Work task: Every line of the listing that holds the word "Nset" should be returned.

Provided records:
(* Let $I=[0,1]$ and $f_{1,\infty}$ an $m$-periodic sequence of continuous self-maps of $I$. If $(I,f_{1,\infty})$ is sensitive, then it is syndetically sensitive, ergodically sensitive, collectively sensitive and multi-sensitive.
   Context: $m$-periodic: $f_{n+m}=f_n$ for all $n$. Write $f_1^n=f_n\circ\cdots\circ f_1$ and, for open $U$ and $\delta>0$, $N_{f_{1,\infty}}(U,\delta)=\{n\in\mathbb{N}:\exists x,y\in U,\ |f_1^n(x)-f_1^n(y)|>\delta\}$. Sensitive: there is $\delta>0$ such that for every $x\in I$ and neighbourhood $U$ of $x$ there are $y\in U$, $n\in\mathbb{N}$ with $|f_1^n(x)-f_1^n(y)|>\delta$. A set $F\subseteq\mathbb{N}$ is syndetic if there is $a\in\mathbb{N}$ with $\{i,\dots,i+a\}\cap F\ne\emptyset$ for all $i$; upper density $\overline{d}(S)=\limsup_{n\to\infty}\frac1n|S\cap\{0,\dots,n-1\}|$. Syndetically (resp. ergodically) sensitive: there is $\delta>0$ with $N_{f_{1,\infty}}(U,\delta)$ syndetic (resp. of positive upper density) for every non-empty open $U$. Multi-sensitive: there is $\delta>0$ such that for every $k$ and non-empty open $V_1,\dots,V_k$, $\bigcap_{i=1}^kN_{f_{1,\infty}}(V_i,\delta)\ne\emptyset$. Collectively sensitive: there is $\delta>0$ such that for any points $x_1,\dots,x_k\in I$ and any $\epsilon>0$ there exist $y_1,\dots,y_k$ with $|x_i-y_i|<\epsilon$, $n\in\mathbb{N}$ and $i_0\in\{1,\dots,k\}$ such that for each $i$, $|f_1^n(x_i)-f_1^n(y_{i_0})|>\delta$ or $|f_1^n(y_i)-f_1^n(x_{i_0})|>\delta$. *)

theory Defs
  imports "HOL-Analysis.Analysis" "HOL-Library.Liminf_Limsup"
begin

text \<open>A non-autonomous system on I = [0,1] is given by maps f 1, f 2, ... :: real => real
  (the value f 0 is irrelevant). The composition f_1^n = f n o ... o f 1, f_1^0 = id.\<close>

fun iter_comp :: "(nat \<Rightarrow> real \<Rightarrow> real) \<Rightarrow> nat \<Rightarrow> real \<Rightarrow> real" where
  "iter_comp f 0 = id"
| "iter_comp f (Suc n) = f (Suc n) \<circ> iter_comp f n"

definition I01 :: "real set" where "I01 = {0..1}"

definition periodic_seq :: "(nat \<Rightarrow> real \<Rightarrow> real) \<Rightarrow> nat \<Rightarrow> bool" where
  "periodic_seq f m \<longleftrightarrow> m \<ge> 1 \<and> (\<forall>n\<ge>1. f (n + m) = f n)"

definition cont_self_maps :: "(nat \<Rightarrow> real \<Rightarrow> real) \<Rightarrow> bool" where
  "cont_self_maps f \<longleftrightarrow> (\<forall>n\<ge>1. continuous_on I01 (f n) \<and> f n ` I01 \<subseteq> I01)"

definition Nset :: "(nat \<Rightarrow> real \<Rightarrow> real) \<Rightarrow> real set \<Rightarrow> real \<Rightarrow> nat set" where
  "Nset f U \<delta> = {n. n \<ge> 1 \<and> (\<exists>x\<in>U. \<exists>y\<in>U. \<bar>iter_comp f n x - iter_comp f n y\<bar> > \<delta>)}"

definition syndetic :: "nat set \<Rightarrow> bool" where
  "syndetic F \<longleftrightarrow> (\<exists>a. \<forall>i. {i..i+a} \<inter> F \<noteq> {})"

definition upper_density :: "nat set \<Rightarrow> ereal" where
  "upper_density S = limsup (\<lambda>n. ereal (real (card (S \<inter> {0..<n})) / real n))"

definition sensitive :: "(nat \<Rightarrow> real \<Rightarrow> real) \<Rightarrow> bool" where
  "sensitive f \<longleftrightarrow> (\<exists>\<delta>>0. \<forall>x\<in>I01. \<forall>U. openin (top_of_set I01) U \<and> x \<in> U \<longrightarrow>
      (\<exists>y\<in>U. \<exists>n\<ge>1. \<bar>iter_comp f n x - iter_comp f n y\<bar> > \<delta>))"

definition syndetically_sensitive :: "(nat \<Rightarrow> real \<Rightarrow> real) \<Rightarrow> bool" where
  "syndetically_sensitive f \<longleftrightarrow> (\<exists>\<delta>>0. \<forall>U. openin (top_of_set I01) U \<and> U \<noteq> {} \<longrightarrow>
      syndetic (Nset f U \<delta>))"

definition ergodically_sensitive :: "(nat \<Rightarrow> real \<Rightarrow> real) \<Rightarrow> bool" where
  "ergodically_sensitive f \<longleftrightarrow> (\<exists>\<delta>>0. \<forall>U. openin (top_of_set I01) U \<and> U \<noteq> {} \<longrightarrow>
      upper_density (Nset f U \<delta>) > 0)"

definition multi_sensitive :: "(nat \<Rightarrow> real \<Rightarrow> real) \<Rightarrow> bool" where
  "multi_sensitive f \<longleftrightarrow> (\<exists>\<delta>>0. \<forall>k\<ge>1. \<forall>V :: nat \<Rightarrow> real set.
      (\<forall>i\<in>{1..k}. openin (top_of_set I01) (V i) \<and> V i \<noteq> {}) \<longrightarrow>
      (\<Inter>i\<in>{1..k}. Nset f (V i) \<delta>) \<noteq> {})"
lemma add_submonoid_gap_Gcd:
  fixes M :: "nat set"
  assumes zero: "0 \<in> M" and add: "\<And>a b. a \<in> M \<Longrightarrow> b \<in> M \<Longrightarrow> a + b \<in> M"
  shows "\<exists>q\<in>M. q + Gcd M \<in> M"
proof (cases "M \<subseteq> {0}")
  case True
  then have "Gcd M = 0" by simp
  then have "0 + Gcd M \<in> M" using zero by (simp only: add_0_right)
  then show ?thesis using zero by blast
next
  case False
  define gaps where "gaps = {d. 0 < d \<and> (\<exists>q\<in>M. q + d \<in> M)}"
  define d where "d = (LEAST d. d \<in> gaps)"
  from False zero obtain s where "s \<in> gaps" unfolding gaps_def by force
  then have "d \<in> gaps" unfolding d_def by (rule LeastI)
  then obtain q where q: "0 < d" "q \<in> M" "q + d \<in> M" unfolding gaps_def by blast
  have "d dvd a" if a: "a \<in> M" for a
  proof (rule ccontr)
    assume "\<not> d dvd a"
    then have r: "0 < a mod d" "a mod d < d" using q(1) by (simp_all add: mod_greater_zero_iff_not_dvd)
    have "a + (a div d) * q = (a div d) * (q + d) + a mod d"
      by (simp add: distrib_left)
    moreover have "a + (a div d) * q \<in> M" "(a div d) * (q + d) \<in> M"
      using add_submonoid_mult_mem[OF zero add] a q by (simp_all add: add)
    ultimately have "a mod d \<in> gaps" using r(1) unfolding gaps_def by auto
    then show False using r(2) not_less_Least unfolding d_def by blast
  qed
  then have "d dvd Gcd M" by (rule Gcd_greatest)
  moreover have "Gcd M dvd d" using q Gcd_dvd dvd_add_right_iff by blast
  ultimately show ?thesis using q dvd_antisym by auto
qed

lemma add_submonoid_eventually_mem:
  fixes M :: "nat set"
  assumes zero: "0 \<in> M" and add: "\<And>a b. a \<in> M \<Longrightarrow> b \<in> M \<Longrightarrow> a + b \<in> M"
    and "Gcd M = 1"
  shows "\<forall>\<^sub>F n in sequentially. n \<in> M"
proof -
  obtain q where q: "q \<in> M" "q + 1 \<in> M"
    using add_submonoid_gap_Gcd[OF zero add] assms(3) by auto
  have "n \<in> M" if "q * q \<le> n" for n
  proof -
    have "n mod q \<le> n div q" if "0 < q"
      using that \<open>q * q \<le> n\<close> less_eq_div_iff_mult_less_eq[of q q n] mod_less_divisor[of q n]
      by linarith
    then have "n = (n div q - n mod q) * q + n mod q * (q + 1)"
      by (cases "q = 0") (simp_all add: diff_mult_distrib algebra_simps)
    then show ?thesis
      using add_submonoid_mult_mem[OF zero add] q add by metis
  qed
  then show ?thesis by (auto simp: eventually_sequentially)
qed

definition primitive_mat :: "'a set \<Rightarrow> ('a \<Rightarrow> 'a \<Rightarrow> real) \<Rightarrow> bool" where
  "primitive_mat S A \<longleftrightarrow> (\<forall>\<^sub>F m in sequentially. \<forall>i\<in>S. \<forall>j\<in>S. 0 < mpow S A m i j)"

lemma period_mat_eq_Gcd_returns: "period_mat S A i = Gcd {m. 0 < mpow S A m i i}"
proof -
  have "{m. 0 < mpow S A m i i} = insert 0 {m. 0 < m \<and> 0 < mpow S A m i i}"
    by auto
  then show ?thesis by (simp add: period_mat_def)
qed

---

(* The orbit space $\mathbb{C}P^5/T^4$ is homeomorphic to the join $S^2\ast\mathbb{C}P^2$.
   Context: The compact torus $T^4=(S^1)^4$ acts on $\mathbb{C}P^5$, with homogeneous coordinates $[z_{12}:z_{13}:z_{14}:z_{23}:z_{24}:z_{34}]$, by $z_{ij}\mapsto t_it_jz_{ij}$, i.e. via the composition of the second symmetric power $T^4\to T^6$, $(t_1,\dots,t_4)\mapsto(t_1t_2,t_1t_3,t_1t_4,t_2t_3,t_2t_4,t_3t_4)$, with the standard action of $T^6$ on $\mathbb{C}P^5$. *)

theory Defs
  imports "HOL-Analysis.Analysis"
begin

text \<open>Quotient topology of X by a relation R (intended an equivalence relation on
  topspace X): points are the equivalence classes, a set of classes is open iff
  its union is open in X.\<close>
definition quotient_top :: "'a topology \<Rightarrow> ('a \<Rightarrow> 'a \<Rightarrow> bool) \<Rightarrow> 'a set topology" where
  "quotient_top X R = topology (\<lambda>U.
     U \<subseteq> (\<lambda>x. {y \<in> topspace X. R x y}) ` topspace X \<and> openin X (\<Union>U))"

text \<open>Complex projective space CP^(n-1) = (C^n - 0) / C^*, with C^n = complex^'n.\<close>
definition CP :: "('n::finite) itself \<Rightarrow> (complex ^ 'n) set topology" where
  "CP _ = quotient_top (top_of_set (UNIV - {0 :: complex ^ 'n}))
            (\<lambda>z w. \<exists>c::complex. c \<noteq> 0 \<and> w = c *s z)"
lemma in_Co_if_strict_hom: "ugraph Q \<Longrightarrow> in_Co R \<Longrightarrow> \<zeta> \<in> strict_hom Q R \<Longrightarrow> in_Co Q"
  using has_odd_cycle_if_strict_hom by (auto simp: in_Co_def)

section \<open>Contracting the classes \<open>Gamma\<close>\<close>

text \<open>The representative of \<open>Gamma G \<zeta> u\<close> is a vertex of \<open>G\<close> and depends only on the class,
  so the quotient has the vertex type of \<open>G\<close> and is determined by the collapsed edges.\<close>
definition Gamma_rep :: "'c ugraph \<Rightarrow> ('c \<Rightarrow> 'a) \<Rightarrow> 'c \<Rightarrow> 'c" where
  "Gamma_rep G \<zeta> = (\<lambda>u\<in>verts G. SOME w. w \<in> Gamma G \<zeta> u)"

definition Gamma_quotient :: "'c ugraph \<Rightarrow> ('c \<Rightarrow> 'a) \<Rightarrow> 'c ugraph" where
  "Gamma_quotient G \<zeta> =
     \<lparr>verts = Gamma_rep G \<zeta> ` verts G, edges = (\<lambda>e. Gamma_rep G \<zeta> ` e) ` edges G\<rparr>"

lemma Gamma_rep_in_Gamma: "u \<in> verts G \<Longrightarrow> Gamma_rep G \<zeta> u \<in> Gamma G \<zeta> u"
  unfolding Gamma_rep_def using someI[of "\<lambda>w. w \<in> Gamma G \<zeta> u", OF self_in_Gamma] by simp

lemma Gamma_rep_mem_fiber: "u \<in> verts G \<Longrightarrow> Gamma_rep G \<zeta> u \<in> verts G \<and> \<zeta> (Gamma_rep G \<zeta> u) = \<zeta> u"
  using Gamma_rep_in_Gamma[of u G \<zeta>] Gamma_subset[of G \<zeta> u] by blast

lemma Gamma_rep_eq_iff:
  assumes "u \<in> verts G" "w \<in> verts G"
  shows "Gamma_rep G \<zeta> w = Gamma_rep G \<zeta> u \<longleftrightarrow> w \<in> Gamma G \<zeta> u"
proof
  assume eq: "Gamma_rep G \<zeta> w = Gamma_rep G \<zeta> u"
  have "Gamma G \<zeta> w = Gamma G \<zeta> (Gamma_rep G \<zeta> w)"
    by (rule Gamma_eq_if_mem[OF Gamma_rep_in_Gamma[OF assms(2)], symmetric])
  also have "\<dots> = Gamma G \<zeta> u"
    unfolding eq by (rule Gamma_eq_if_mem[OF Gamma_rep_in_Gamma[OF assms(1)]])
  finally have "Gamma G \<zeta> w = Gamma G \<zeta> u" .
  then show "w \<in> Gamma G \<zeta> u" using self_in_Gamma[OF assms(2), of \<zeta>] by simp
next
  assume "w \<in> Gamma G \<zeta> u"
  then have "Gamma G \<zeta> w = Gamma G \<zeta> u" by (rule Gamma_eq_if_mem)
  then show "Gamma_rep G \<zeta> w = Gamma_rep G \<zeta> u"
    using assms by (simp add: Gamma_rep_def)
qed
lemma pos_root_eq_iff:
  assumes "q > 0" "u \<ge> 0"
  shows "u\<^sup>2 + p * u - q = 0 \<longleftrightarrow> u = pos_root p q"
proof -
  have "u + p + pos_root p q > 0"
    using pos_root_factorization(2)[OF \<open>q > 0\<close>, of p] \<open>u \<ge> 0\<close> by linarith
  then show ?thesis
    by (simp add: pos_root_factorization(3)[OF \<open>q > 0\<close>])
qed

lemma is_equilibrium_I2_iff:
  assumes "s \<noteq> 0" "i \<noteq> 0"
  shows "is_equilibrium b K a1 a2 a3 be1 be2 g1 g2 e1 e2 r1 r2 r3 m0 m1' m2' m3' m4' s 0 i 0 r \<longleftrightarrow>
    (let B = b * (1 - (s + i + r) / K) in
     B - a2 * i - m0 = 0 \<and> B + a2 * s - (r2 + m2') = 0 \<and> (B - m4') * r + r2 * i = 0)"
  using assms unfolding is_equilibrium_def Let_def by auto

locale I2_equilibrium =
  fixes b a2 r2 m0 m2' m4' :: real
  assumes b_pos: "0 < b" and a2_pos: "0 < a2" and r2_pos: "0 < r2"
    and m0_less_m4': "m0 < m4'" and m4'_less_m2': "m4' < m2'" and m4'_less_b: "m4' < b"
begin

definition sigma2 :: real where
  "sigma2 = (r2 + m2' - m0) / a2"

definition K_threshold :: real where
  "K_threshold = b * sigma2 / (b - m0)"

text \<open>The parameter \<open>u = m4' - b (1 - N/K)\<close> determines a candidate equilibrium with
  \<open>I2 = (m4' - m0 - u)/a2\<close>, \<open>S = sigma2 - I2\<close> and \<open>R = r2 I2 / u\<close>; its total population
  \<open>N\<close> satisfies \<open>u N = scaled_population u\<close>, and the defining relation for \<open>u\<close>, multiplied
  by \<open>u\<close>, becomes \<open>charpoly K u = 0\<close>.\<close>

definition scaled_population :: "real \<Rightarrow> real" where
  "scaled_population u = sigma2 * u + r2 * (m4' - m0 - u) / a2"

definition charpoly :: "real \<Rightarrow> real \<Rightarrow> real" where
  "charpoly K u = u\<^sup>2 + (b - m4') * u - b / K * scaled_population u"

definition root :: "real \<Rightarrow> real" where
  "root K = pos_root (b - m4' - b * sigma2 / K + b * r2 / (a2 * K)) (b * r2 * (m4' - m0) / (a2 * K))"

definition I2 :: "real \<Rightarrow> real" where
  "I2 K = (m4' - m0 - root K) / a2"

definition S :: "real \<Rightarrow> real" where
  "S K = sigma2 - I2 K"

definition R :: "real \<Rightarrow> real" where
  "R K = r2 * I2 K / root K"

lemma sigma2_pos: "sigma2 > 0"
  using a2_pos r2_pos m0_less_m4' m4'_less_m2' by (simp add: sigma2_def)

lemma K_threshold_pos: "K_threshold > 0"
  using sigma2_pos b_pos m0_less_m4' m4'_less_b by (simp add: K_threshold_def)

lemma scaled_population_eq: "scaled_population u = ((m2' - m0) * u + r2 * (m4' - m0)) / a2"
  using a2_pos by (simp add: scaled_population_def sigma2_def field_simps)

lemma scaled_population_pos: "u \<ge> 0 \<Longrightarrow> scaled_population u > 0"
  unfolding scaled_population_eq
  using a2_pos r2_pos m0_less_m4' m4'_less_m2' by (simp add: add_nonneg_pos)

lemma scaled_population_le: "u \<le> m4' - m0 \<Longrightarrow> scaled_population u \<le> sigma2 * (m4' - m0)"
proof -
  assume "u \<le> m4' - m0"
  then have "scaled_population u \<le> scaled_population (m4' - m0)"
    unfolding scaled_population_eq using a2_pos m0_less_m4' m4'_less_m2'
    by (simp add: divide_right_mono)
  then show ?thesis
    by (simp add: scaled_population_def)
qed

Task result:
definition Nset :: "(nat \<Rightarrow> real \<Rightarrow> real) \<Rightarrow> real set \<Rightarrow> real \<Rightarrow> nat set" where
  "Nset f U \<delta> = {n. n \<ge> 1 \<and> (\<exists>x\<in>U. \<exists>y\<in>U. \<bar>iter_comp f n x - iter_comp f n y\<bar> > \<delta>)}"
      syndetic (Nset f U \<delta>))"
      upper_density (Nset f U \<delta>) > 0)"
      (\<Inter>i\<in>{1..k}. Nset f (V i) \<delta>) \<noteq> {})"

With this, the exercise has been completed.